/---
lemma bessel_J_eq_power_series:
  assumes "0 < x"
  shows "bessel_J \<nu> x = (x / 2) powr \<nu> * power_series (bessel_coeff \<nu>) (x\<^sup>2)"
proof -
  have "(-1) ^ k / fact k * rGamma (real k + \<nu> + 1) * (x / 2) powr (2 * real k + \<nu>)
        = (x / 2) powr \<nu> * (bessel_coeff \<nu> k * (x\<^sup>2) ^ k)" for k
  proof -
    have "(x / 2) powr (2 * real k + \<nu>) = (x / 2) ^ (2 * k) * (x / 2) powr \<nu>"
      using assms by (simp add: powr_add flip: powr_realpow)
    then show ?thesis
      by (simp add: bessel_coeff_def power_mult power_divide)
  qed
  then have "bessel_J \<nu> x = (\<Sum>k. (x / 2) powr \<nu> * (bessel_coeff \<nu> k * (x\<^sup>2) ^ k))"
    unfolding bessel_J_def by presburger
  also have "\<dots> = (x / 2) powr \<nu> * power_series (bessel_coeff \<nu>) (x\<^sup>2)"
    unfolding power_series_def by (rule suminf_mult[OF summable_bessel_coeff])
  finally show ?thesis .
qed

lemma power_series_bessel_coeff_0: "power_series (bessel_coeff \<nu>) 0 = rGamma (\<nu> + 1)"
  unfolding power_series_def powser_zero by (simp add: bessel_coeff_def)

lemma bessel_power_series_ode:
  fixes \<nu> y :: real
  defines "c \<equiv> bessel_coeff \<nu>"
  shows "4 * y * power_series (diffs (diffs c)) y + 4 * (\<nu> + 1) * power_series (diffs c) y
           + power_series c y = 0"
proof -
  have "(\<lambda>k. 4 * y * (diffs (diffs c) k * y ^ k)) sums (4 * y * power_series (diffs (diffs c)) y)"
    unfolding power_series_def c_def by (intro sums_mult summable_sums summable_bessel_coeff_diffs)
  moreover have "(\<lambda>k. 4 * (\<nu> + 1) * (diffs c (Suc k) * y ^ Suc k))
                   sums (4 * (\<nu> + 1) * (power_series (diffs c) y - diffs c 0))"
    unfolding power_series_def c_def
    by (intro sums_mult, subst sums_Suc_iff) (simp add: summable_sums summable_bessel_coeff_diffs)
  moreover have "(\<lambda>k. c (Suc k) * y ^ Suc k) sums (power_series c y - c 0)"
    unfolding power_series_def c_def
    by (subst sums_Suc_iff) (simp add: summable_sums summable_bessel_coeff)
  ultimately have "(\<lambda>k. 4 * y * (diffs (diffs c) k * y ^ k) + 4 * (\<nu> + 1) * (diffs c (Suc k) * y ^ Suc k)
      + c (Suc k) * y ^ Suc k) sums (4 * y * power_series (diffs (diffs c)) y
        + 4 * (\<nu> + 1) * (power_series (diffs c) y - diffs c 0) + (power_series c y - c 0))"
    by (intro sums_add)
  moreover have "4 * y * (diffs (diffs c) k * y ^ k) + 4 * (\<nu> + 1) * (diffs c (Suc k) * y ^ Suc k)
      + c (Suc k) * y ^ Suc k = 0" for k
  proof -
    have "4 * y * (diffs (diffs c) k * y ^ k) + 4 * (\<nu> + 1) * (diffs c (Suc k) * y ^ Suc k)
        + c (Suc k) * y ^ Suc k
        = y ^ Suc k * (4 * (real (Suc k) + 1) * (real (Suc k) + \<nu> + 1) * c (Suc (Suc k)) + c (Suc k))"
      by (simp add: diffs_def algebra_simps)
    then show ?thesis
      unfolding c_def bessel_coeff_Suc by simp
  qed
  moreover have "4 * (\<nu> + 1) * diffs c 0 + c 0 = 0"
    using bessel_coeff_Suc[of 0 \<nu>] by (simp add: c_def diffs_def)
  ultimately have "(\<lambda>k. 0) sums (4 * y * power_series (diffs (diffs c)) y
        + 4 * (\<nu> + 1) * (power_series (diffs c) y - diffs c 0) + (power_series c y - c 0))"
    by simp
  then have "4 * y * power_series (diffs (diffs c)) y
        + 4 * (\<nu> + 1) * (power_series (diffs c) y - diffs c 0) + (power_series c y - c 0) = 0"
    using sums_unique2 sums_zero by blast
  then show ?thesis
    using \<open>4 * (\<nu> + 1) * diffs c 0 + c 0 = 0\<close> by (simp add: algebra_simps)
qed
\---
== TASK TO CARRY OUT ==
Please give all the entries above again, exactly as they stand.

== SOLUTION TO THE PROBLEM ==
lemma bessel_J_eq_power_series:
  assumes "0 < x"
  shows "bessel_J \<nu> x = (x / 2) powr \<nu> * power_series (bessel_coeff \<nu>) (x\<^sup>2)"
proof -
  have "(-1) ^ k / fact k * rGamma (real k + \<nu> + 1) * (x / 2) powr (2 * real k + \<nu>)
        = (x / 2) powr \<nu> * (bessel_coeff \<nu> k * (x\<^sup>2) ^ k)" for k
  proof -
    have "(x / 2) powr (2 * real k + \<nu>) = (x / 2) ^ (2 * k) * (x / 2) powr \<nu>"
      using assms by (simp add: powr_add flip: powr_realpow)
    then show ?thesis
      by (simp add: bessel_coeff_def power_mult power_divide)
  qed
  then have "bessel_J \<nu> x = (\<Sum>k. (x / 2) powr \<nu> * (bessel_coeff \<nu> k * (x\<^sup>2) ^ k))"
    unfolding bessel_J_def by presburger
  also have "\<dots> = (x / 2) powr \<nu> * power_series (bessel_coeff \<nu>) (x\<^sup>2)"
    unfolding power_series_def by (rule suminf_mult[OF summable_bessel_coeff])
  finally show ?thesis .
qed

lemma power_series_bessel_coeff_0: "power_series (bessel_coeff \<nu>) 0 = rGamma (\<nu> + 1)"
  unfolding power_series_def powser_zero by (simp add: bessel_coeff_def)

lemma bessel_power_series_ode:
  fixes \<nu> y :: real
  defines "c \<equiv> bessel_coeff \<nu>"
  shows "4 * y * power_series (diffs (diffs c)) y + 4 * (\<nu> + 1) * power_series (diffs c) y
           + power_series c y = 0"
proof -
  have "(\<lambda>k. 4 * y * (diffs (diffs c) k * y ^ k)) sums (4 * y * power_series (diffs (diffs c)) y)"
    unfolding power_series_def c_def by (intro sums_mult summable_sums summable_bessel_coeff_diffs)
  moreover have "(\<lambda>k. 4 * (\<nu> + 1) * (diffs c (Suc k) * y ^ Suc k))
                   sums (4 * (\<nu> + 1) * (power_series (diffs c) y - diffs c 0))"
    unfolding power_series_def c_def
    by (intro sums_mult, subst sums_Suc_iff) (simp add: summable_sums summable_bessel_coeff_diffs)
  moreover have "(\<lambda>k. c (Suc k) * y ^ Suc k) sums (power_series c y - c 0)"
    unfolding power_series_def c_def
    by (subst sums_Suc_iff) (simp add: summable_sums summable_bessel_coeff)
  ultimately have "(\<lambda>k. 4 * y * (diffs (diffs c) k * y ^ k) + 4 * (\<nu> + 1) * (diffs c (Suc k) * y ^ Suc k)
      + c (Suc k) * y ^ Suc k) sums (4 * y * power_series (diffs (diffs c)) y
        + 4 * (\<nu> + 1) * (power_series (diffs c) y - diffs c 0) + (power_series c y - c 0))"
    by (intro sums_add)
  moreover have "4 * y * (diffs (diffs c) k * y ^ k) + 4 * (\<nu> + 1) * (diffs c (Suc k) * y ^ Suc k)
      + c (Suc k) * y ^ Suc k = 0" for k
  proof -
    have "4 * y * (diffs (diffs c) k * y ^ k) + 4 * (\<nu> + 1) * (diffs c (Suc k) * y ^ Suc k)
        + c (Suc k) * y ^ Suc k
        = y ^ Suc k * (4 * (real (Suc k) + 1) * (real (Suc k) + \<nu> + 1) * c (Suc (Suc k)) + c (Suc k))"
      by (simp add: diffs_def algebra_simps)
    then show ?thesis
      unfolding c_def bessel_coeff_Suc by simp
  qed
  moreover have "4 * (\<nu> + 1) * diffs c 0 + c 0 = 0"
    using bessel_coeff_Suc[of 0 \<nu>] by (simp add: c_def diffs_def)
  ultimately have "(\<lambda>k. 0) sums (4 * y * power_series (diffs (diffs c)) y
        + 4 * (\<nu> + 1) * (power_series (diffs c) y - diffs c 0) + (power_series c y - c 0))"
    by simp
  then have "4 * y * power_series (diffs (diffs c)) y
        + 4 * (\<nu> + 1) * (power_series (diffs c) y - diffs c 0) + (power_series c y - c 0) = 0"
    using sums_unique2 sums_zero by blast
  then show ?thesis
    using \<open>4 * (\<nu> + 1) * diffs c 0 + c 0 = 0\<close> by (simp add: algebra_simps)
qed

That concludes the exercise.